(Stored data entries)
┌──
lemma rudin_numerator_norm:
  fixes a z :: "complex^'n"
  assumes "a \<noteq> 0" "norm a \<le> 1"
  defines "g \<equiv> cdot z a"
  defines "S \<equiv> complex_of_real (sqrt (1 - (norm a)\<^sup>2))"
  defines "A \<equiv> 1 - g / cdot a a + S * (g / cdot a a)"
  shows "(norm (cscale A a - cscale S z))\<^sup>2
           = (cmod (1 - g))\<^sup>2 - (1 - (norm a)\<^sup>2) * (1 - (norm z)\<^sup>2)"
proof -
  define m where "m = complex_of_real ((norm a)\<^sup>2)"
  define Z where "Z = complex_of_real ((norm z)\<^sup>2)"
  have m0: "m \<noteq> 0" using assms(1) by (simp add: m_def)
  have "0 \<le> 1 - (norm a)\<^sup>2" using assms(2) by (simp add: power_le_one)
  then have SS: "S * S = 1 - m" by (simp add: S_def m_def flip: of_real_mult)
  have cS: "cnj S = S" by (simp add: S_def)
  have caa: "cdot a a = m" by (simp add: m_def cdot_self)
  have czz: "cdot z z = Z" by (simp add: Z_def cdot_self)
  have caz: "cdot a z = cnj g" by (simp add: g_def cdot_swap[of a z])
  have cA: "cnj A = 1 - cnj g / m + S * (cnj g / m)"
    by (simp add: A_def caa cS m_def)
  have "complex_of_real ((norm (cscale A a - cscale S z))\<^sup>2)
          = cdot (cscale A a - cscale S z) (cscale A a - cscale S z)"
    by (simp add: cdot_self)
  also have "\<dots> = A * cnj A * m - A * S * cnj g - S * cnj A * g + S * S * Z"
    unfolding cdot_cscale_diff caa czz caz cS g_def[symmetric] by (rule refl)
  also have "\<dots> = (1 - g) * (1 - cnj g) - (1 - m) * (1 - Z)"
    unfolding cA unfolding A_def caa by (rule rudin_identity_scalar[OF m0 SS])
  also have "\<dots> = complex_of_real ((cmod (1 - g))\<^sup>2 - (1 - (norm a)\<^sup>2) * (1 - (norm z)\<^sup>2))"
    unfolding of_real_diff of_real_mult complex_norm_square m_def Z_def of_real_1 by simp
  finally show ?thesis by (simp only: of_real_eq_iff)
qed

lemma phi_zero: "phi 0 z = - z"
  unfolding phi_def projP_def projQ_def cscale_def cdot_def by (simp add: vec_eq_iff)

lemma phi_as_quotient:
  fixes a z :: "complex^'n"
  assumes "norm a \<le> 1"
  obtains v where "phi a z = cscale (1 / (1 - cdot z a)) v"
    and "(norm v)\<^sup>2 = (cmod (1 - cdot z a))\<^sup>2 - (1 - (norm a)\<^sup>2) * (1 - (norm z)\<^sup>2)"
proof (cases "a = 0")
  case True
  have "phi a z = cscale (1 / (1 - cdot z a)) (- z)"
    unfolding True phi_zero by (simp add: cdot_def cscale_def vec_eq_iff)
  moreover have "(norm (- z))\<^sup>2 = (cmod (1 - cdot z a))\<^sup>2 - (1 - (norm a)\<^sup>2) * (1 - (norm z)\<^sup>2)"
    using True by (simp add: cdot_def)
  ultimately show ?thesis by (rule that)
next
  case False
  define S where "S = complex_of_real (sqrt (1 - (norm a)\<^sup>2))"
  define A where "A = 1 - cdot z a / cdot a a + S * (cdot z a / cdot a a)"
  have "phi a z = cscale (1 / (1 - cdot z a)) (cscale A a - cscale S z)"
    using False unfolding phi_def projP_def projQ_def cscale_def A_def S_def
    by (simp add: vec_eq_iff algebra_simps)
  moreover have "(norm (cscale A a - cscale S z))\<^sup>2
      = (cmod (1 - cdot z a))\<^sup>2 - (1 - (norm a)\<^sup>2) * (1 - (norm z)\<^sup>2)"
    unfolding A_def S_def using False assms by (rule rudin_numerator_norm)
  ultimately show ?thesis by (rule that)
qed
└──
To do
Every line of the data above should be copied exactly.

Answer space
lemma rudin_numerator_norm:
  fixes a z :: "complex^'n"
  assumes "a \<noteq> 0" "norm a \<le> 1"
  defines "g \<equiv> cdot z a"
  defines "S \<equiv> complex_of_real (sqrt (1 - (norm a)\<^sup>2))"
  defines "A \<equiv> 1 - g / cdot a a + S * (g / cdot a a)"
  shows "(norm (cscale A a - cscale S z))\<^sup>2
           = (cmod (1 - g))\<^sup>2 - (1 - (norm a)\<^sup>2) * (1 - (norm z)\<^sup>2)"
proof -
  define m where "m = complex_of_real ((norm a)\<^sup>2)"
  define Z where "Z = complex_of_real ((norm z)\<^sup>2)"
  have m0: "m \<noteq> 0" using assms(1) by (simp add: m_def)
  have "0 \<le> 1 - (norm a)\<^sup>2" using assms(2) by (simp add: power_le_one)
  then have SS: "S * S = 1 - m" by (simp add: S_def m_def flip: of_real_mult)
  have cS: "cnj S = S" by (simp add: S_def)
  have caa: "cdot a a = m" by (simp add: m_def cdot_self)
  have czz: "cdot z z = Z" by (simp add: Z_def cdot_self)
  have caz: "cdot a z = cnj g" by (simp add: g_def cdot_swap[of a z])
  have cA: "cnj A = 1 - cnj g / m + S * (cnj g / m)"
    by (simp add: A_def caa cS m_def)
  have "complex_of_real ((norm (cscale A a - cscale S z))\<^sup>2)
          = cdot (cscale A a - cscale S z) (cscale A a - cscale S z)"
    by (simp add: cdot_self)
  also have "\<dots> = A * cnj A * m - A * S * cnj g - S * cnj A * g + S * S * Z"
    unfolding cdot_cscale_diff caa czz caz cS g_def[symmetric] by (rule refl)
  also have "\<dots> = (1 - g) * (1 - cnj g) - (1 - m) * (1 - Z)"
    unfolding cA unfolding A_def caa by (rule rudin_identity_scalar[OF m0 SS])
  also have "\<dots> = complex_of_real ((cmod (1 - g))\<^sup>2 - (1 - (norm a)\<^sup>2) * (1 - (norm z)\<^sup>2))"
    unfolding of_real_diff of_real_mult complex_norm_square m_def Z_def of_real_1 by simp
  finally show ?thesis by (simp only: of_real_eq_iff)
qed

lemma phi_zero: "phi 0 z = - z"
  unfolding phi_def projP_def projQ_def cscale_def cdot_def by (simp add: vec_eq_iff)

lemma phi_as_quotient:
  fixes a z :: "complex^'n"
  assumes "norm a \<le> 1"
  obtains v where "phi a z = cscale (1 / (1 - cdot z a)) v"
    and "(norm v)\<^sup>2 = (cmod (1 - cdot z a))\<^sup>2 - (1 - (norm a)\<^sup>2) * (1 - (norm z)\<^sup>2)"
proof (cases "a = 0")
  case True
  have "phi a z = cscale (1 / (1 - cdot z a)) (- z)"
    unfolding True phi_zero by (simp add: cdot_def cscale_def vec_eq_iff)
  moreover have "(norm (- z))\<^sup>2 = (cmod (1 - cdot z a))\<^sup>2 - (1 - (norm a)\<^sup>2) * (1 - (norm z)\<^sup>2)"
    using True by (simp add: cdot_def)
  ultimately show ?thesis by (rule that)
next
  case False
  define S where "S = complex_of_real (sqrt (1 - (norm a)\<^sup>2))"
  define A where "A = 1 - cdot z a / cdot a a + S * (cdot z a / cdot a a)"
  have "phi a z = cscale (1 / (1 - cdot z a)) (cscale A a - cscale S z)"
    using False unfolding phi_def projP_def projQ_def cscale_def A_def S_def
    by (simp add: vec_eq_iff algebra_simps)
  moreover have "(norm (cscale A a - cscale S z))\<^sup>2
      = (cmod (1 - cdot z a))\<^sup>2 - (1 - (norm a)\<^sup>2) * (1 - (norm z)\<^sup>2)"
    unfolding A_def S_def using False assms by (rule rudin_numerator_norm)
  ultimately show ?thesis by (rule that)
qed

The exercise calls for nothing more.